I think these questions wound up being preparatory for the week to come. Yesterday, as I sat on campus, my phone buzzed with an alert that there had been another mass shooting in Minneapolis. This time at a Catholic church where students had gathered in convocation in preparation for the school year to come. As of this writing, two were murdered and seventeen maimed.
Looking back on the words I wrote during that reflection, my hopes now feel a little foolish. Hoping for peace. Needing gentleness. Accepting that healing is long and easily distracted. Maybe you find yourself in a similar spot. Maybe your phone buzzed with different reasons. Maybe it didn’t have to – you find them in your homes, your hearts.
Then again, our faith takes root in the corners and cracks of our lives which feel hopeless and lifeless, fearful and diminished. Our story – the story of Jesus – isn’t sterile, still, or silent.
Our story has been told from inside prison cells and in famine years. It’s been passed over nightly fires and down through generations. It’s traveled oceans and through time. It’s emerged from upper rooms and empty tombs, and come to us as we are.
Paul’s words – Jesus’ words – were written in chains, not from pedestals of power. They’re words surrounded by desperation and weakness, but filled with dogged sobriety and determination to find a better way. These words remind us that hope isn’t a feeling we conjure; it’s a gift we cling to when nothing feels as it should.
Pressed and perplexed, tired but not abandoned. And still, Jesus remains.
May we be stubborn enough to hope and gentle enough to trust.
May we be faithful enough to love and willing to endure long enough to pass the word to the next person who needs it.

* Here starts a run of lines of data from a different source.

lemma poly_in_coords_add:
  "poly_in_coords S \<tau> f \<Longrightarrow> poly_in_coords S \<tau> g \<Longrightarrow> poly_in_coords S \<tau> (\<lambda>z. f z + g z)"
  unfolding poly_in_coords_def by (metis eval2_add)

lemma poly_in_coords_mult:
  "poly_in_coords S \<tau> f \<Longrightarrow> poly_in_coords S \<tau> g \<Longrightarrow> poly_in_coords S \<tau> (\<lambda>z. f z * g z)"
  unfolding poly_in_coords_def by (metis eval2_mult)

lemma poly_in_coords_cong:
  "poly_in_coords S \<tau> f \<Longrightarrow> (\<And>z. z \<in> S \<Longrightarrow> f z = g z) \<Longrightarrow> poly_in_coords S \<tau> g"
  unfolding poly_in_coords_def by metis

lemma poly_in_coords_diff:
  assumes "poly_in_coords S \<tau> f" "poly_in_coords S \<tau> g"
  shows "poly_in_coords S \<tau> (\<lambda>z. f z - g z)"
proof -
  have "poly_in_coords S \<tau> (\<lambda>z. f z + (-1) * g z)"
    by (intro poly_in_coords_add poly_in_coords_mult poly_in_coords_const assms)
  then show ?thesis
    by (rule poly_in_coords_cong) simp
qed

lemma poly_in_coords_poly: "poly_in_coords S \<tau> f \<Longrightarrow> poly_in_coords S \<tau> (\<lambda>z. poly p (f z))"
proof (induction p)
  case 0
  show ?case using poly_in_coords_const[of S \<tau> 0] by simp
next
  case (pCons a p)
  then have "poly_in_coords S \<tau> (\<lambda>z. a + f z * poly p (f z))"
    by (intro poly_in_coords_add poly_in_coords_mult poly_in_coords_const) auto
  then show ?case by simp
qed
(* Let $1<p<\infty$ and let $w:\mathbb N_0\to(0,\infty)$ satisfy $w(n_1)\le w(n_2)$ for $n_1<n_2$ and $\lim_{n\to\infty}w(n)=\infty$. Suppose there is a non-negative, decreasing $f\in C^1[0,\infty)$ with $f(0)=1$ and constants $\tau_0>0$, $C_w>0$ such that $$\sum_{n\in\mathbb N_0}w(n)f(\tau w(n))\le C_w\tau^{-1}\quad\forall\tau\in(0,\tau_0].$$ Set $X=\ell^p(w)$, $V=\ell^1$, $U=\ell^\infty(w)$, $a=\frac1{p-1}$, $X_s=\ell^{p_s}(w)$ with $p_s=\frac{p}{1+s(p-1)}$ for $s\in[0,1]$, $t_0=\tau_0^{1/(1+a)}$, and $(P_tx)(n)=f(t^{a+1}w(n))x(n)$ for $x\in\ell^p(w)$, $t\in(0,t_0]$. Then: (i) the embeddings $V\hookrightarrow X\hookrightarrow U$ are continuous; (ii) $X_0=X$, $X_1=V$, and $X_s\hookrightarrow X_t$ continuously for $0\le t\le s\le1$; (iii) for all $s\in(0,1]$ and $r\in[0,s)$ there is $L>0$ with $\|x\|_{X_r}\le L\|x\|_{X_s}^{\frac{r+a}{a+s}}\|x\|_U^{\frac{s-r}{a+s}}$ for all $x\in X_s$; (iv) for all $s\in[0,1]$ and $t\in(0,t_0]$, $P_tX_s\subset X_s$ and $C_P:=\sup_{0<t\le t_0}\|P_t\|_{X_s\to X_s}<\infty$, and for each $x\in X$ the map $t\mapsto P_tx$ is continuous from $(0,t_0]$ into $X$; (v) for every $0<s<1$ there is $C_{Proj}\ge C_P+1$ such that for all $0<t\le t_0$, $\|P_t-\mathrm{id}\|_{X_s\to U}\le C_{Proj}t^{a+s}$ and $\|P_t\|_{X_s\to V}\le C_{Proj}t^{s-1}$.
   Context: For $w:\mathbb N_0\to(0,\infty)$ and $1\le p<\infty$, $\ell^p(w)$ is the space of sequences $x=\{x(n)\}_{n\ge0}$ with $\|x\|_{\ell^p(w)}=\big(\sum_{n\in\mathbb N_0}w(n)^{1-p}|x(n)|^p\big)^{1/p}<\infty$ (so $\ell^1(w)=\ell^1$), and $\ell^\infty(w)$ is the space of sequences with $\|x\|_{\ell^\infty(w)}=\sup_{n}|w(n)^{-1}x(n)|<\infty$. *)

theory Defs
  imports "HOL-Analysis.Analysis"
begin

definition lpw_space :: "real \<Rightarrow> (nat \<Rightarrow> real) \<Rightarrow> (nat \<Rightarrow> real) set" where
  "lpw_space p w = {x. summable (\<lambda>n. w n powr (1 - p) * \<bar>x n\<bar> powr p)}"

definition lpw_norm :: "real \<Rightarrow> (nat \<Rightarrow> real) \<Rightarrow> (nat \<Rightarrow> real) \<Rightarrow> real" where
  "lpw_norm p w x = (\<Sum>n. w n powr (1 - p) * \<bar>x n\<bar> powr p) powr (1 / p)"

definition linfw_space :: "(nat \<Rightarrow> real) \<Rightarrow> (nat \<Rightarrow> real) set" where
  "linfw_space w = {x. bdd_above (range (\<lambda>n. \<bar>x n\<bar> / w n))}"

definition linfw_norm :: "(nat \<Rightarrow> real) \<Rightarrow> (nat \<Rightarrow> real) \<Rightarrow> real" where
  "linfw_norm w x = (SUP n. \<bar>x n\<bar> / w n)"

definition cont_embed ::
  "'a set \<Rightarrow> ('a \<Rightarrow> real) \<Rightarrow> 'a set \<Rightarrow> ('a \<Rightarrow> real) \<Rightarrow> bool" where
  "cont_embed D1 N1 D2 N2 \<longleftrightarrow> D1 \<subseteq> D2 \<and> (\<exists>C. \<forall>x\<in>D1. N2 x \<le> C * N1 x)"

definition op_norm ::
  "'a set \<Rightarrow> ('a \<Rightarrow> real) \<Rightarrow> ('b \<Rightarrow> real) \<Rightarrow> ('a \<Rightarrow> 'b) \<Rightarrow> ereal" where
  "op_norm D1 N1 N2 T = (SUP x\<in>{x\<in>D1. N1 x \<le> 1}. ereal (N2 (T x)))"

definition C1_nonneg_halfline :: "(real \<Rightarrow> real) \<Rightarrow> bool" where
  "C1_nonneg_halfline f \<longleftrightarrow> (\<exists>f'. (\<forall>x\<ge>0. (f has_real_derivative f' x) (at x within {0..}))
                                   \<and> continuous_on {0..} f')"

end

theory Submission
  imports Defs
begin

text \<open>
  A sequence x in l^q(w) satisfies |x n| / w n \<le> \<parallel>x\<parallel>_q * w n powr (-1/q), so l^q(w) embeds
  into l^\<infinity>(w) because w is bounded below by w 0, and interpolating between l^q1(w) and
  l^\<infinity>(w) yields both the embeddings X_s \<subseteq> X_t and (iii) with L = 1.
  The operators P_t multiply by f(t^(a+1) w n) \<in> [0,1]; hence they are contractions on every
  l^q(w) and depend continuously on t by dominated convergence. For (v) put \<tau> = t^(a+1) and
  q = p_s. Since f(0) = 1 and f is differentiable at 0, 1 - f u \<le> K u, so
  |(P_t x - x) n| / w n \<le> min 1 (K \<tau> w n) * \<parallel>x\<parallel>_q * w n powr (-1/q) \<le> (K \<tau>)^(1/q) \<parallel>x\<parallel>_q;
  and Young's inequality together with \<Sum> w n f(\<tau> w n) \<le> C_w / \<tau> bounds \<parallel>P_t x\<parallel>_1 by
  2 (C_w / \<tau>)^(1 - 1/q) on the unit ball of l^q(w). As (a+1)/p_s = a + s, these are the powers
  t^(a+s) and t^(s-1).
\<close>

section \<open>Weighted sequence spaces\<close>

lemma lpw_norm_nonneg: "0 \<le> lpw_norm q w x"
  by (simp add: lpw_norm_def)

lemma lpw_spaceD: "x \<in> lpw_space q w \<Longrightarrow> summable (\<lambda>n. w n powr (1 - q) * \<bar>x n\<bar> powr q)"
  by (simp add: lpw_space_def)

lemma lpw_norm_powr:
  assumes "0 < q" and "x \<in> lpw_space q w"
  shows "lpw_norm q w x powr q = (\<Sum>n. w n powr (1 - q) * \<bar>x n\<bar> powr q)"
  using assms by (simp add: lpw_norm_def lpw_space_def powr_powr suminf_nonneg)

lemma lpw_summand_eq:
  fixes v y q :: real
  assumes "0 < v" shows "v powr (1 - q) * \<bar>y\<bar> powr q = v * (\<bar>y\<bar> / v) powr q"
  using assms by (simp add: powr_divide powr_diff)

lemma lpw_pointwise_bound:
  assumes w: "0 < w n" and q: "0 < q" and x: "x \<in> lpw_space q w"
  shows "\<bar>x n\<bar> / w n \<le> lpw_norm q w x * w n powr (-1 / q)"
proof -
  have "w n * (\<bar>x n\<bar> / w n) powr q \<le> lpw_norm q w x powr q"
    using sum_le_suminf[OF lpw_spaceD[OF x], of "{n}"] lpw_summand_eq[OF w]
    by (simp add: lpw_norm_powr[OF q x])
  then have "(\<bar>x n\<bar> / w n) powr q \<le> lpw_norm q w x powr q / w n"
    using w by (simp add: field_simps)
  then have "((\<bar>x n\<bar> / w n) powr q) powr (1 / q) \<le> (lpw_norm q w x powr q / w n) powr (1 / q)"
    using q by (intro powr_mono2) auto
  then show ?thesis
    using q w by (simp add: powr_powr powr_divide lpw_norm_nonneg powr_minus_divide)
qed

lemma linfw_space_norm_le:
  assumes "\<And>n. \<bar>x n\<bar> / w n \<le> C"
  shows "x \<in> linfw_space w" and "linfw_norm w x \<le> C"
  using assms by (auto simp: linfw_space_def linfw_norm_def intro!: bdd_aboveI2 cSUP_least)

lemma linfw_norm_upper: "x \<in> linfw_space w \<Longrightarrow> \<bar>x n\<bar> / w n \<le> linfw_norm w x"
  unfolding linfw_norm_def linfw_space_def by (auto intro: cSUP_upper)

lemma lpw_le_linfw:
  assumes w_pos: "\<And>n. 0 < w n" and c: "0 < c" "\<And>n. c \<le> w n"
    and q: "0 < q" and x: "x \<in> lpw_space q w"
  shows "x \<in> linfw_space w" and "linfw_norm w x \<le> c powr (-1 / q) * lpw_norm q w x"
proof -
  have "\<bar>x n\<bar> / w n \<le> c powr (-1 / q) * lpw_norm q w x" for n
  proof -
    have "\<bar>x n\<bar> / w n \<le> lpw_norm q w x * w n powr (-1 / q)"
      by (rule lpw_pointwise_bound[OF w_pos q x])
    also have "\<dots> \<le> lpw_norm q w x * c powr (-1 / q)"
      using q c by (intro mult_left_mono powr_mono2' lpw_norm_nonneg) auto
    finally show ?thesis by (simp add: mult.commute)
  qed
  then show "x \<in> linfw_space w" "linfw_norm w x \<le> c powr (-1 / q) * lpw_norm q w x"
    by (rule linfw_space_norm_le)+
qed

lemma cont_embed_lpw_linfw:
  assumes "\<And>n. 0 < w n" and "0 < c" "\<And>n. c \<le> w n" and "0 < q"
  shows "cont_embed (lpw_space q w) (lpw_norm q w) (linfw_space w) (linfw_norm w)"
  unfolding cont_embed_def using lpw_le_linfw[where w=w, OF assms] by blast

lemma lpw_interpolation:
  fixes q1 q2 M :: real
  assumes w_pos: "\<And>n. 0 < w n" and q: "0 < q1" "q1 < q2" and x: "x \<in> lpw_space q1 w"
    and M: "\<And>n. \<bar>x n\<bar> / w n \<le> M"
  shows "x \<in> lpw_space q2 w"
    and "lpw_norm q2 w x \<le> M powr (1 - q1 / q2) * lpw_norm q1 w x powr (q1 / q2)"
proof -
  have M0: "0 \<le> M"
    using M[of 0] w_pos[of 0] by (meson abs_ge_zero divide_nonneg_pos order_trans)
  have summand_le: "w n powr (1 - q2) * \<bar>x n\<bar> powr q2
      \<le> M powr (q2 - q1) * (w n powr (1 - q1) * \<bar>x n\<bar> powr q1)" for n
  proof -
    have "(\<bar>x n\<bar> / w n) powr q2 = (\<bar>x n\<bar> / w n) powr q1 * (\<bar>x n\<bar> / w n) powr (q2 - q1)"
      by (simp flip: powr_add)
    also have "\<dots> \<le> (\<bar>x n\<bar> / w n) powr q1 * M powr (q2 - q1)"
      using M[of n] q w_pos[of n] by (intro mult_left_mono powr_mono2) auto
    finally show ?thesis
      using w_pos[of n] lpw_summand_eq[of "w n" q1] lpw_summand_eq[of "w n" q2]
      by (simp add: algebra_simps mult_left_mono)
  qed
  have sum1: "summable (\<lambda>n. w n powr (1 - q1) * \<bar>x n\<bar> powr q1)"
    using x by (rule lpw_spaceD)
  have sum2: "summable (\<lambda>n. w n powr (1 - q2) * \<bar>x n\<bar> powr q2)"
    by (rule summable_comparison_test[OF _ summable_mult[OF sum1]]) (use summand_le in auto)
  then show x2: "x \<in> lpw_space q2 w"
    by (simp add: lpw_space_def)
  have "lpw_norm q2 w x powr q2 \<le> M powr (q2 - q1) * lpw_norm q1 w x powr q1"
    using q x x2 summand_le
    by (simp add: lpw_norm_powr suminf_le sum1 sum2 flip: suminf_mult)
  then have "(lpw_norm q2 w x powr q2) powr (1 / q2)
      \<le> (M powr (q2 - q1) * lpw_norm q1 w x powr q1) powr (1 / q2)"
    using q by (intro powr_mono2) auto
  also have "\<dots> = M powr ((q2 - q1) / q2) * lpw_norm q1 w x powr (q1 / q2)"
    using M0 by (simp add: powr_mult powr_powr lpw_norm_nonneg)
  finally show "lpw_norm q2 w x \<le> M powr (1 - q1 / q2) * lpw_norm q1 w x powr (q1 / q2)"
    using q by (simp add: powr_powr lpw_norm_nonneg diff_divide_distrib)
qed

lemma cont_embed_lpw_lpw:
  fixes q1 q2 :: real
  assumes w_pos: "\<And>n. 0 < w n" and c: "0 < c" "\<And>n. c \<le> w n" and q: "0 < q1" "q1 \<le> q2"
  shows "cont_embed (lpw_space q1 w) (lpw_norm q1 w) (lpw_space q2 w) (lpw_norm q2 w)"
proof (cases "q1 = q2")
  case True
  then show ?thesis
    unfolding cont_embed_def by (intro conjI exI[of _ 1]) auto
next
  case False
  with q have q_less: "q1 < q2" by simp
  define \<theta> where "\<theta> = q1 / q2"
  have "x \<in> lpw_space q2 w \<and> lpw_norm q2 w x \<le> (c powr (-1 / q1)) powr (1 - \<theta>) * lpw_norm q1 w x"
    if x: "x \<in> lpw_space q1 w" for x
  proof -
    let ?M = "c powr (-1 / q1) * lpw_norm q1 w x"
    have M: "\<bar>x n\<bar> / w n \<le> ?M" for n
      using lpw_le_linfw(2)[OF w_pos c q(1) x]
        linfw_norm_upper[OF lpw_le_linfw(1)[OF w_pos c q(1) x]]
      by (rule order_trans[rotated])
    have "lpw_norm q2 w x \<le> ?M powr (1 - \<theta>) * lpw_norm q1 w x powr \<theta>"
      unfolding \<theta>_def by (rule lpw_interpolation(2)[OF w_pos q(1) q_less x M])
    also have "\<dots> = (c powr (-1 / q1)) powr (1 - \<theta>) * lpw_norm q1 w x"
      by (simp add: powr_mult lpw_norm_nonneg mult.assoc flip: powr_add)
    finally show ?thesis
      using lpw_interpolation(1)[OF w_pos q(1) q_less x M] by simp
  qed
  then show ?thesis
    unfolding cont_embed_def by blast
qed

lemma lpw_1_space: "(\<And>n. 0 < w n) \<Longrightarrow> lpw_space 1 w = {x. summable (\<lambda>n. \<bar>x n\<bar>)}"
  by (simp add: lpw_space_def less_imp_neq[symmetric])

lemma lpw_1_norm: "(\<And>n. 0 < w n) \<Longrightarrow> lpw_norm 1 w x = \<bar>\<Sum>n. \<bar>x n\<bar>\<bar>"
  by (simp add: lpw_norm_def less_imp_neq[symmetric] powr_one')

section \<open>Diagonal multipliers\<close>

lemma op_norm_le:
  assumes "\<And>x. x \<in> D \<Longrightarrow> N1 x \<le> 1 \<Longrightarrow> N2 (T x) \<le> C"
  shows "op_norm D N1 N2 T \<le> ereal C"
  unfolding op_norm_def using assms by (auto intro: SUP_least)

Our words cannot be destroyed. They cast light out into the darkness because the light, the Spirit of God, is alive – flickering and dancing and redeeming – in us.
Prayer
God of the weary and worn,
Friend of the tired and companion of the broken –
Hold us and remain with us.
Scrape the muddy mess from our souls,
And soothe the warm ruddiness of our anger and fear.
Shine bright within us.
Shine bright through us.
Give the morning new brightness because you are with us.
And we are not forsaken.
Redeem us all.
Heal us all.
Come God, we are here.
Amen.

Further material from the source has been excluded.